Marquette Warrior: Bummer: Course Based Assessment Not Dead

Friday, April 22, 2005

Bummer: Course Based Assessment Not Dead

A little over two months ago, we reported that “course based assessment” – the process in which each instructor has to collect data to “assess” a bunch of educational “outcomes” – is dead.

This was based on an interview with Peggy Bloom, assessment honcho in the Provost’s office. Bloom was clear and unequivocal about that, both in her discussions with us, and with some members of the Political Science Department.

In the view of Prof. Nancy Snow, Director of Core Curriculum, course-based assessment “in some form” will remain.

There is some sentiment that, where all the “objectives” in the core must be achieved by one course (the core requires only one social science course, for example), that course must be “assessed.” Since students can take any of dozens of social science courses to fulfill the requirement, each of them would have to be “assessed.”

Much will depend on who is recruited to be the Director of the Common Core.
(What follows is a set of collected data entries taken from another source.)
definition weyl_jet :: "(4 \<Rightarrow> 4 \<Rightarrow> real) \<Rightarrow> (4 \<Rightarrow> 4 \<Rightarrow> real) \<Rightarrow> (4 \<Rightarrow> 4 \<Rightarrow> 4 \<Rightarrow> real)
    \<Rightarrow> (4 \<Rightarrow> 4 \<Rightarrow> 4 \<Rightarrow> 4 \<Rightarrow> real) \<Rightarrow> 4 \<Rightarrow> 4 \<Rightarrow> 4 \<Rightarrow> 4 \<Rightarrow> real" where
  "weyl_jet G H DG DDG j k l m = riem_jet H DG DDG j k l m
     + (1/2) * (G m j * ricci_jet H DG DDG k l - G m k * ricci_jet H DG DDG j l
                + ricci_jet H DG DDG m j * G k l - ricci_jet H DG DDG m k * G j l)
     - scal_jet H DG DDG / 6 * (G m j * G k l - G m k * G j l)"

definition christoffel_jet :: "(4 \<Rightarrow> 4 \<Rightarrow> real) \<Rightarrow> (4 \<Rightarrow> 4 \<Rightarrow> 4 \<Rightarrow> real) \<Rightarrow> 4 \<Rightarrow> 4 \<Rightarrow> 4 \<Rightarrow> real" where
  "christoffel_jet H DG a b c = (\<Sum>d\<in>UNIV. H a d * christoffel_first DG d b c)"

definition ginv_deriv_jet :: "(4 \<Rightarrow> 4 \<Rightarrow> real) \<Rightarrow> (4 \<Rightarrow> 4 \<Rightarrow> 4 \<Rightarrow> real) \<Rightarrow> 4 \<Rightarrow> 4 \<Rightarrow> 4 \<Rightarrow> real" where
  "ginv_deriv_jet H DG l a d = - (\<Sum>p\<in>UNIV. \<Sum>q\<in>UNIV. H a p * DG l p q * H q d)"

definition christoffel_deriv_jet :: "(4 \<Rightarrow> 4 \<Rightarrow> real) \<Rightarrow> (4 \<Rightarrow> 4 \<Rightarrow> 4 \<Rightarrow> real)
    \<Rightarrow> (4 \<Rightarrow> 4 \<Rightarrow> 4 \<Rightarrow> 4 \<Rightarrow> real) \<Rightarrow> 4 \<Rightarrow> 4 \<Rightarrow> 4 \<Rightarrow> 4 \<Rightarrow> real" where
  "christoffel_deriv_jet H DG DDG l a b c = (\<Sum>d\<in>UNIV.
     ginv_deriv_jet H DG l a d * christoffel_first DG d b c + H a d * christoffel_first_deriv DDG l d b c)"

definition riem_up_jet :: "(4 \<Rightarrow> 4 \<Rightarrow> real) \<Rightarrow> (4 \<Rightarrow> 4 \<Rightarrow> 4 \<Rightarrow> real)
    \<Rightarrow> (4 \<Rightarrow> 4 \<Rightarrow> 4 \<Rightarrow> 4 \<Rightarrow> real) \<Rightarrow> 4 \<Rightarrow> 4 \<Rightarrow> 4 \<Rightarrow> 4 \<Rightarrow> real" where
  "riem_up_jet H DG DDG e k l m = christoffel_deriv_jet H DG DDG l e m k - christoffel_deriv_jet H DG DDG m e l k
     + (\<Sum>p\<in>UNIV. christoffel_jet H DG e l p * christoffel_jet H DG p m k)
     - (\<Sum>p\<in>UNIV. christoffel_jet H DG e m p * christoffel_jet H DG p l k)"

locale metric_jet =
  fixes G H :: "4 \<Rightarrow> 4 \<Rightarrow> real" and DG :: "4 \<Rightarrow> 4 \<Rightarrow> 4 \<Rightarrow> real"
    and DDG :: "4 \<Rightarrow> 4 \<Rightarrow> 4 \<Rightarrow> 4 \<Rightarrow> real"
  assumes metric_sym: "G a b = G b a" and inverse_sym: "H a b = H b a"
    and inverse_left: "(\<Sum>k\<in>UNIV. H a k * G k b) = (if a = b then 1 else 0)"
    and inverse_right: "(\<Sum>k\<in>UNIV. G a k * H k b) = (if a = b then 1 else 0)"
    and dmetric_sym: "DG c a b = DG c b a"
    and ddmetric_sym: "DDG d c a b = DDG d c b a"
    and ddmetric_commute: "DDG d c a b = DDG c d a b"
begin

abbreviation "\<Gamma> \<equiv> christoffel_first DG"
abbreviation "d\<Gamma> \<equiv> christoffel_first_deriv DDG"
abbreviation "R \<equiv> riem_jet H DG DDG"
abbreviation "Ric \<equiv> ricci_jet H DG DDG"
abbreviation "Scal \<equiv> scal_jet H DG DDG"
abbreviation "W \<equiv> weyl_jet G H DG DDG"
abbreviation "\<Gamma>\<^sub>2 \<equiv> christoffel_jet H DG"
abbreviation "dH \<equiv> ginv_deriv_jet H DG"
abbreviation "d\<Gamma>\<^sub>2 \<equiv> christoffel_deriv_jet H DG DDG"

lemma christoffel_first_sym: "\<Gamma> d b c = \<Gamma> d c b"
  unfolding christoffel_first_def by (simp add: dmetric_sym algebra_simps)

lemma christoffel_first_deriv_sym: "d\<Gamma> l d b c = d\<Gamma> l d c b"
  unfolding christoffel_first_deriv_def by (simp add: ddmetric_sym algebra_simps)

lemma christoffel_first_add: "\<Gamma> d b c + \<Gamma> c b d = DG b d c"
  unfolding christoffel_first_def dmetric_sym[of c b d] dmetric_sym[of d c b] dmetric_sym[of b c d]
  by (simp add: field_simps)

lemma riem_jet_antisym34: "R j k l m = - R j k m l"
  unfolding riem_jet_def by simp

lemma riem_jet_antisym12: "R j k l m = - R k j l m"
proof -
  have "d\<Gamma> l j m k + d\<Gamma> l k m j = DDG l m j k" "d\<Gamma> m j l k + d\<Gamma> m k l j = DDG m l j k"
    unfolding christoffel_first_deriv_def
      ddmetric_sym[of l j m k] ddmetric_sym[of l k m j] ddmetric_sym[of l m k j]
      ddmetric_sym[of m j l k] ddmetric_sym[of m k l j] ddmetric_sym[of m l k j]
    by (simp_all add: field_simps)
  moreover have "DDG l m j k = DDG m l j k" by (rule ddmetric_commute)
  moreover have swap: "(\<Sum>p\<in>UNIV. \<Sum>q\<in>UNIV. H p q * \<Gamma> p a b * \<Gamma> q c d)
      = (\<Sum>p\<in>UNIV. \<Sum>q\<in>UNIV. H p q * \<Gamma> p c d * \<Gamma> q a b)" for a b c d
    by (subst sum.swap) (simp add: inverse_sym mult_ac)
  have "(\<Sum>p\<in>UNIV. \<Sum>q\<in>UNIV. H p q * \<Gamma> p k m * \<Gamma> q l j)
      = (\<Sum>p\<in>UNIV. \<Sum>q\<in>UNIV. H p q * \<Gamma> p j l * \<Gamma> q m k)"
    "(\<Sum>p\<in>UNIV. \<Sum>q\<in>UNIV. H p q * \<Gamma> p k l * \<Gamma> q m j)
      = (\<Sum>p\<in>UNIV. \<Sum>q\<in>UNIV. H p q * \<Gamma> p j m * \<Gamma> q l k)"
    using swap[of k m l j] swap[of k l m j] by (simp_all add: christoffel_first_sym)
  ultimately show ?thesis unfolding riem_jet_def by linarith
qed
The notion of course based assessment seems to fly in the face of the explicit directions of the North Central Association, which said:
Assessment of the Core Curriculum, as well as assessment of undergraduate and graduate majors will be expected by the Higher Learning Commission. It is suggested that the focus be switched from extensive course assessment to a focus on the nine knowledge areas. This could involve comparing entering freshmen performance to that of juniors who have completed the core. There are standardized tests that could be used for this purpose. (“Advancement Section, Report of a Comprehensive Evaluation Visit,” p. 29)
How course based assessment could still be alive in the face both of fierce faculty opposition and the explicit directions of the North Central is a mystery.

Why anybody would want an assessment of dozens of individual courses when the (say) social science part of the assessment could be done as part of a broader process applying to all students is another mystery.

At least, a mystery to ordinary sensible folk. But not necessarily a mystery to social scientists who study bureaucracies.